▸ **WHAT THE TASK ASKS**
Of the material below, the lines to be retyped are those from the line containing "by (simp add: UNIV_bit)" through the line containing "G \<longleftrightarrow> 0", inclusive; reproduce them exactly.

════════

(* Let $n\ge8$ be even and $F\colon\mathbb F_2^n\to\mathbb F_2^n$ a quadratic APN function. Then $F$ has a non-bent component function with amplitude less than $2^{3n/4}$.
   Context: $\langle\cdot,\cdot\rangle$ is the standard dot product; $F_b(x)=\langle b,F(x)\rangle$. $F$ is APN if for every $a\ne0$ and $c$, $F(x)+F(x+a)=c$ has at most 2 solutions; quadratic if each $F_b$ is a quadratic form plus an affine function. For quadratic $F$ and fixed $b$, $|W_F(b,a)|\in\{0,2^{(n+k)/2}\}$ for all $a$ for some $k$, where $W_F(b,a)=\sum_x(-1)^{F_b(x)+\langle x,a\rangle}$; $2^{(n+k)/2}$ is the amplitude of $F_b$; $F_b$ is bent if its amplitude is $2^{n/2}$. Components considered are non-trivial ($b\neq0$). *)

theory Defs
  imports "HOL-Analysis.Analysis" "HOL-Library.Z2"
begin

text \<open>F_2 is the field type bit (HOL-Library.Z2); F_2^n is bit ^ 'n with n = CARD('n).\<close>

definition dotp :: "bit ^ 'n \<Rightarrow> bit ^ 'n \<Rightarrow> bit" where
  "dotp a x = (\<Sum>i\<in>UNIV. a $ i * x $ i)"

definition sgn_bit :: "bit \<Rightarrow> int" where
  "sgn_bit z = (if z = 0 then 1 else -1)"

definition component :: "(bit ^ 'n \<Rightarrow> bit ^ 'n) \<Rightarrow> bit ^ 'n \<Rightarrow> bit ^ 'n \<Rightarrow> bit" where
  "component F b x = dotp b (F x)"

definition walsh :: "(bit ^ 'n \<Rightarrow> bit ^ 'n) \<Rightarrow> bit ^ 'n \<Rightarrow> bit ^ 'n \<Rightarrow> int" where
  "walsh F b a = (\<Sum>x\<in>UNIV. sgn_bit (component F b x + dotp x a))"

definition is_APN :: "(bit ^ 'n \<Rightarrow> bit ^ 'n) \<Rightarrow> bool" where
  "is_APN F \<longleftrightarrow> (\<forall>a c. a \<noteq> 0 \<longrightarrow> card {x. F x + F (x + a) = c} \<le> 2)"

definition is_quadratic :: "(bit ^ 'n \<Rightarrow> bit ^ 'n) \<Rightarrow> bool" where
  "is_quadratic F \<longleftrightarrow> (\<forall>b. \<exists>(q :: 'n \<Rightarrow> 'n \<Rightarrow> bit) (l :: 'n \<Rightarrow> bit) (e :: bit).
      \<forall>x. component F b x = (\<Sum>i\<in>UNIV. \<Sum>j\<in>UNIV. q i j * x $ i * x $ j)
                             + (\<Sum>i\<in>UNIV. l i * x $ i) + e)"

text \<open>Amplitude of F_b: the maximal absolute value of its Walsh coefficients
  (for quadratic F all nonzero ones share this value).\<close>
definition amplitude :: "(bit ^ 'n \<Rightarrow> bit ^ 'n) \<Rightarrow> bit ^ 'n \<Rightarrow> int" where
  "amplitude F b = Max (range (\<lambda>a. \<bar>walsh F b a\<bar>))"

definition is_bent_component :: "(bit ^ 'n \<Rightarrow> bit ^ 'n) \<Rightarrow> bit ^ 'n \<Rightarrow> bool" where
  "is_bent_component F b \<longleftrightarrow> real_of_int (amplitude F b) = 2 powr (real CARD('n) / 2)"

end

(*
  For quadratic F the Walsh spectrum of a component F_b is flat: its squared amplitude is
  2^n |V_b|, where V_b is the radical of the symmetric form
  (a, x) |-> b . (F (x + a) + F x + F a + F 0).
  The APN property says that every nonzero a lies in V_b for exactly one nonzero b, so the radicals
  of the non-bent components partition the nonzero vectors.  If every non-bent component had
  amplitude at least 2^(3n/4), i.e. |V_b| >= 2^m for n = 2m, these radicals would form a spread
  (or consist of the whole space alone).  Then the set Y of all b with 2^(m+1) dividing W_F(b, 0),
  namely 0 together with the non-bent b, has 2 or 2^m + 2 elements, and summing W_F(b, 0) over a
  subgroup E of order at least 2^(m+1) shows that Y meets every such E in an even number of points.
  No such Y exists: evenness forces Y to be a Sidon set, a Sidon set has a subgroup P of order 4
  such that some, but fewer than 2^m, points y of Y meet y + P oddly, and P can then be enlarged to
  a subgroup W of order 2^(m+1) for which one coset t + W meets Y oddly.
*)

theory Submission
  imports Defs
begin

declare add_bit_eq_xor [simp del] mult_bit_eq_and [simp del]

section \<open>Arithmetic and characters of F_2^n\<close>

lemma UNIV_bit: "(UNIV :: bit set) = {0, 1}"
  by (auto intro: bit.exhaust)

instance bit :: finite
  by standard (simp add: UNIV_bit)

lemma card_bit: "CARD(bit) = 2"
  by (simp add: UNIV_bit)

lemma bit_add_self [simp]: "(x :: bit) + x = 0"
  by (cases x) simp_all

lemma bit_vec_add_self [simp]: "(x :: bit ^ 'n) + x = 0"
  by (simp add: vec_eq_iff)

lemma bit_vec_add_self_left [simp]: "(x :: bit ^ 'n) + (x + y) = y"
  by (simp flip: add.assoc)

lemma bit_vec_add_self_right [simp]: "(y :: bit ^ 'n) + x + x = y"
  by (simp add: add.assoc)

lemma bit_vec_add_eq_0_iff: "(x :: bit ^ 'n) + y = 0 \<longleftrightarrow> x = y"
  by (metis bit_vec_add_self bit_vec_add_self_right add_0_left)

lemma sgn_bit_0 [simp]: "sgn_bit 0 = 1"
  by (simp add: sgn_bit_def)

lemma sgn_bit_1 [simp]: "sgn_bit 1 = -1"
  by (simp add: sgn_bit_def)

lemma sgn_bit_add: "sgn_bit (u + v) = sgn_bit u * sgn_bit v"
  by (cases u; cases v) (simp_all add: sgn_bit_def)

lemma dotp_add_right: "dotp a (x + y) = dotp a x + dotp a y"
  unfolding dotp_def by (simp add: distrib_left sum.distrib)

lemma dotp_commute: "dotp a x = dotp x a"
  unfolding dotp_def by (simp add: mult.commute)

lemma dotp_add_left: "dotp (a + b) x = dotp a x + dotp b x"
  by (metis dotp_add_right dotp_commute)

lemma dotp_0_right [simp]: "dotp a 0 = 0"
  unfolding dotp_def by simp

lemma dotp_0_left [simp]: "dotp 0 a = 0"
  unfolding dotp_def by simp

lemma dotp_axis: "dotp (axis i 1) x = x $ i"
proof -
  have "axis i 1 $ j * x $ j = (if j = i then x $ j else 0)" for j
    by (simp add: axis_def)
  then show ?thesis
    unfolding dotp_def by (simp add: sum.delta)
qed

lemma vec_eq_iff_dotp: "x = y \<longleftrightarrow> (\<forall>b. dotp b x = dotp b y)"
  by (metis dotp_axis vec_eq_iff)

definition additive_subgroup :: "(bit ^ 'n) set \<Rightarrow> bool" where
  "additive_subgroup G \<longleftrightarrow> 0 \<in> G \<and> (\<forall>x\<in>G. \<forall>y\<in>G. x + y \<in> G)"

lemma additive_subgroup_UNIV [simp]: "additive_subgroup UNIV"
  by (simp add: additive_subgroup_def)

lemma sum_sgn_bit_additive:
  assumes G: "additive_subgroup G"
    and add: "\<And>x y. x \<in> G \<Longrightarrow> y \<in> G \<Longrightarrow> \<phi> (x + y) = \<phi> x + \<phi> y"
  shows "(\<Sum>x\<in>G. sgn_bit (\<phi> x)) = (if \<forall>x\<in>G. \<phi> x = 0 then int (card G) else 0)"
proof (cases "\<forall>x\<in>G. \<phi> x = 0")
  case False
  then obtain x0 where x0: "x0 \<in> G" "\<phi> x0 = 1" by auto
  have "bij_betw (\<lambda>x. x + x0) G G"
    by (rule bij_betwI [where g = "\<lambda>x. x + x0"]) (use G x0 in \<open>auto simp: additive_subgroup_def\<close>)
  then have "(\<Sum>x\<in>G. sgn_bit (\<phi> x)) = (\<Sum>x\<in>G. sgn_bit (\<phi> (x + x0)))"
    using sum.reindex_bij_betw [of _ G G "\<lambda>x. sgn_bit (\<phi> x)"] by simp
  also have "\<dots> = - (\<Sum>x\<in>G. sgn_bit (\<phi> x))"
    unfolding sum_negf [symmetric] by (rule sum.cong) (simp_all add: add x0 sgn_bit_add)
  finally show ?thesis
    unfolding if_not_P [OF False] by simp
qed simp

lemma sum_sgn_bit_dotp:
  "(\<Sum>a\<in>UNIV. sgn_bit (dotp a z)) = (if z = 0 then 2 ^ CARD('n) else 0)"
  for z :: "bit ^ 'n"
proof -
  have "(\<forall>a. dotp a z = 0) \<longleftrightarrow> z = 0"
    using vec_eq_iff_dotp [of z 0] by simp
  then show ?thesis
    using sum_sgn_bit_additive [OF additive_subgroup_UNIV, of "\<lambda>a. dotp a z"]
    by (simp add: dotp_add_left card_bit)
qed

lemma card_mult_card_annihilator:
  fixes S :: "(bit ^ 'n) set"
  assumes S: "additive_subgroup S"
  shows "card S * card {b. \<forall>s\<in>S. dotp b s = 0} = 2 ^ CARD('n)"
proof -
  let ?Ann = "{b. \<forall>s\<in>S. dotp b s = 0}"
  have "int (card S * card ?Ann) = (\<Sum>b\<in>UNIV. if b \<in> ?Ann then int (card S) else 0)"
    by (simp add: sum.If_cases)
  also have "\<dots> = (\<Sum>b\<in>UNIV. \<Sum>s\<in>S. sgn_bit (dotp b s))"
    using sum_sgn_bit_additive [OF S] by (simp add: dotp_add_right)
  also have "\<dots> = (\<Sum>s\<in>S. \<Sum>b\<in>UNIV. sgn_bit (dotp b s))"
    by (rule sum.swap)
  also have "\<dots> = 2 ^ CARD('n)"
    using S by (simp add: sum_sgn_bit_dotp sum.delta additive_subgroup_def)
  finally have "int (card S * card ?Ann) = int (2 ^ CARD('n))"
    by simp
  then show ?thesis
    by (simp only: of_nat_eq_iff)
qed

lemma card_range_mult_card_kernel:
  fixes f :: "'a :: {finite, ab_group_add} \<Rightarrow> 'b :: ab_group_add"
  assumes add: "\<And>x y. f (x + y) = f x + f y"
  shows "card (range f) * card {x. f x = 0} = CARD('a)"
proof -
  have fibre: "{x. f x = f x0} = (+) x0 ` {x. f x = 0}" for x0
  proof (intro set_eqI iffI)
    fix x
    assume "x \<in> {x. f x = f x0}"
    moreover have "f x = f x0 + f (x - x0)"
      using add [of x0 "x - x0"] by simp
    ultimately show "x \<in> (+) x0 ` {x. f x = 0}"
      by (intro image_eqI [where x = "x - x0"]) simp_all
  qed (auto simp: add)
  have "CARD('a) = card (\<Union>s\<in>range f. {x. f x = s})"
    by (rule arg_cong [where f = card]) auto
  also have "\<dots> = (\<Sum>s\<in>range f. card {x. f x = s})"
    by (rule card_UN_disjoint) auto
  also have "\<dots> = (\<Sum>s\<in>range f. card {x. f x = 0})"
    by (rule sum.cong) (auto simp: fibre card_image)
  finally show ?thesis by simp
qed

lemma sum_UNIV_translate: "(\<Sum>d\<in>UNIV. h (x + d)) = (\<Sum>y\<in>UNIV. h y)"
  for x :: "'a :: {finite, group_add}"
  by (rule sum.reindex_bij_witness [where i = "\<lambda>y. - x + y" and j = "\<lambda>d. x + d"])
    (simp_all add: add.assoc [symmetric])

section \<open>Walsh spectrum of quadratic functions\<close>

definition polar :: "(bit ^ 'n \<Rightarrow> bit ^ 'n) \<Rightarrow> bit ^ 'n \<Rightarrow> bit ^ 'n \<Rightarrow> bit ^ 'n" where
  "polar F a x = F (x + a) + F x + F a + F 0"

lemma polar_commute: "polar F a x = polar F x a"
  unfolding polar_def by (simp add: ac_simps)

lemma polar_0_left [simp]: "polar F 0 x = 0"
  unfolding polar_def by (simp add: ac_simps)

lemma polar_0_right [simp]: "polar F a 0 = 0"
  unfolding polar_def by (simp add: ac_simps)

lemma bit_polar_monomial:
  fixes q u v u' v' :: bit
  shows "q * (u + v) * (u' + v') + q * u * u' + q * v * v' = q * (v * u' + u * v')"
  by (cases q; cases u; cases v; cases u'; cases v') simp_all

lemma bit_polar_linear:
  fixes l u v :: bit
  shows "l * (u + v) + l * u + l * v = 0"
  by (cases l; cases u; cases v) simp_all

lemma dotp_polar_quadratic:
  assumes "is_quadratic F"
  obtains q :: "'n::finite \<Rightarrow> 'n \<Rightarrow> bit"
  where "\<And>a x. dotp b (polar F a x) = (\<Sum>i\<in>UNIV. \<Sum>j\<in>UNIV. q i j * (a $ i * x $ j + x $ i * a $ j))"
proof -
  obtain q l e where rep: "\<And>z. component F b z = (\<Sum>i\<in>UNIV. \<Sum>j\<in>UNIV. q i j * z $ i * z $ j)
      + (\<Sum>i\<in>UNIV. l i * z $ i) + e"
    using assms unfolding is_quadratic_def by blast
  have "dotp b (polar F a x) = (\<Sum>i\<in>UNIV. \<Sum>j\<in>UNIV. q i j * (a $ i * x $ j + x $ i * a $ j))" for a x
  proof -
    have "dotp b (polar F a x)
        = component F b (x + a) + component F b x + component F b a + component F b 0"
      by (simp add: polar_def component_def dotp_add_right)
    also have "\<dots> = (\<Sum>i\<in>UNIV. \<Sum>j\<in>UNIV. q i j * (x $ i + a $ i) * (x $ j + a $ j)
          + q i j * x $ i * x $ j + q i j * a $ i * a $ j)
        + (\<Sum>i\<in>UNIV. l i * (x $ i + a $ i) + l i * x $ i + l i * a $ i) + ((e + e) + (e + e))"
      by (simp add: rep sum.distrib ac_simps)
    also have "\<dots> = (\<Sum>i\<in>UNIV. \<Sum>j\<in>UNIV. q i j * (a $ i * x $ j + x $ i * a $ j))"
      by (simp only: bit_polar_monomial bit_polar_linear) simp
    finally show ?thesis .
  qed
  then show ?thesis by (rule that)
qed

lemma polar_add_right:
  assumes "is_quadratic F"
  shows "polar F a (x + y) = polar F a x + polar F a y"
proof -
  have "dotp b (polar F a (x + y)) = dotp b (polar F a x + polar F a y)" for b
  proof -
    obtain q where "\<And>a x. dotp b (polar F a x) = (\<Sum>i\<in>UNIV. \<Sum>j\<in>UNIV. q i j * (a $ i * x $ j + x $ i * a $ j))"
      using dotp_polar_quadratic [OF assms] by blast
    then show ?thesis
      by (simp add: dotp_add_right sum.distrib [symmetric] algebra_simps)
  qed
  then show ?thesis
    using vec_eq_iff_dotp by blast
qed

lemma polar_add_left:
  assumes "is_quadratic F"
  shows "polar F (a + a') x = polar F a x + polar F a' x"
  using polar_add_right [OF assms] polar_commute by metis

lemma component_add:
  "component F b (x + d) = component F b x + component F b d + component F b 0 + dotp b (polar F d x)"
  unfolding polar_def component_def dotp_add_right by (simp add: ac_simps)

text \<open>For quadratic F, \<open>radical F b\<close> is the space of linear structures of F_b; its
  dimension is the k in the amplitude 2^((n+k)/2).\<close>

definition radical :: "(bit ^ 'n \<Rightarrow> bit ^ 'n) \<Rightarrow> bit ^ 'n \<Rightarrow> (bit ^ 'n) set" where
  "radical F b = {a. \<forall>x. dotp b (polar F a x) = 0}"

════════

▸ **ANSWER TO THE EXERCISE**
  by (simp add: UNIV_bit)

lemma bit_add_self [simp]: "(x :: bit) + x = 0"
  by (cases x) simp_all

lemma bit_vec_add_self [simp]: "(x :: bit ^ 'n) + x = 0"
  by (simp add: vec_eq_iff)

lemma bit_vec_add_self_left [simp]: "(x :: bit ^ 'n) + (x + y) = y"
  by (simp flip: add.assoc)

lemma bit_vec_add_self_right [simp]: "(y :: bit ^ 'n) + x + x = y"
  by (simp add: add.assoc)

lemma bit_vec_add_eq_0_iff: "(x :: bit ^ 'n) + y = 0 \<longleftrightarrow> x = y"
  by (metis bit_vec_add_self bit_vec_add_self_right add_0_left)

lemma sgn_bit_0 [simp]: "sgn_bit 0 = 1"
  by (simp add: sgn_bit_def)

lemma sgn_bit_1 [simp]: "sgn_bit 1 = -1"
  by (simp add: sgn_bit_def)

lemma sgn_bit_add: "sgn_bit (u + v) = sgn_bit u * sgn_bit v"
  by (cases u; cases v) (simp_all add: sgn_bit_def)

lemma dotp_add_right: "dotp a (x + y) = dotp a x + dotp a y"
  unfolding dotp_def by (simp add: distrib_left sum.distrib)

lemma dotp_commute: "dotp a x = dotp x a"
  unfolding dotp_def by (simp add: mult.commute)

lemma dotp_add_left: "dotp (a + b) x = dotp a x + dotp b x"
  by (metis dotp_add_right dotp_commute)

lemma dotp_0_right [simp]: "dotp a 0 = 0"
  unfolding dotp_def by simp

lemma dotp_0_left [simp]: "dotp 0 a = 0"
  unfolding dotp_def by simp

lemma dotp_axis: "dotp (axis i 1) x = x $ i"
proof -
  have "axis i 1 $ j * x $ j = (if j = i then x $ j else 0)" for j
    by (simp add: axis_def)
  then show ?thesis
    unfolding dotp_def by (simp add: sum.delta)
qed

lemma vec_eq_iff_dotp: "x = y \<longleftrightarrow> (\<forall>b. dotp b x = dotp b y)"
  by (metis dotp_axis vec_eq_iff)

definition additive_subgroup :: "(bit ^ 'n) set \<Rightarrow> bool" where
  "additive_subgroup G \<longleftrightarrow> 0 \<in> G \<and> (\<forall>x\<in>G. \<forall>y\<in>G. x + y \<in> G)"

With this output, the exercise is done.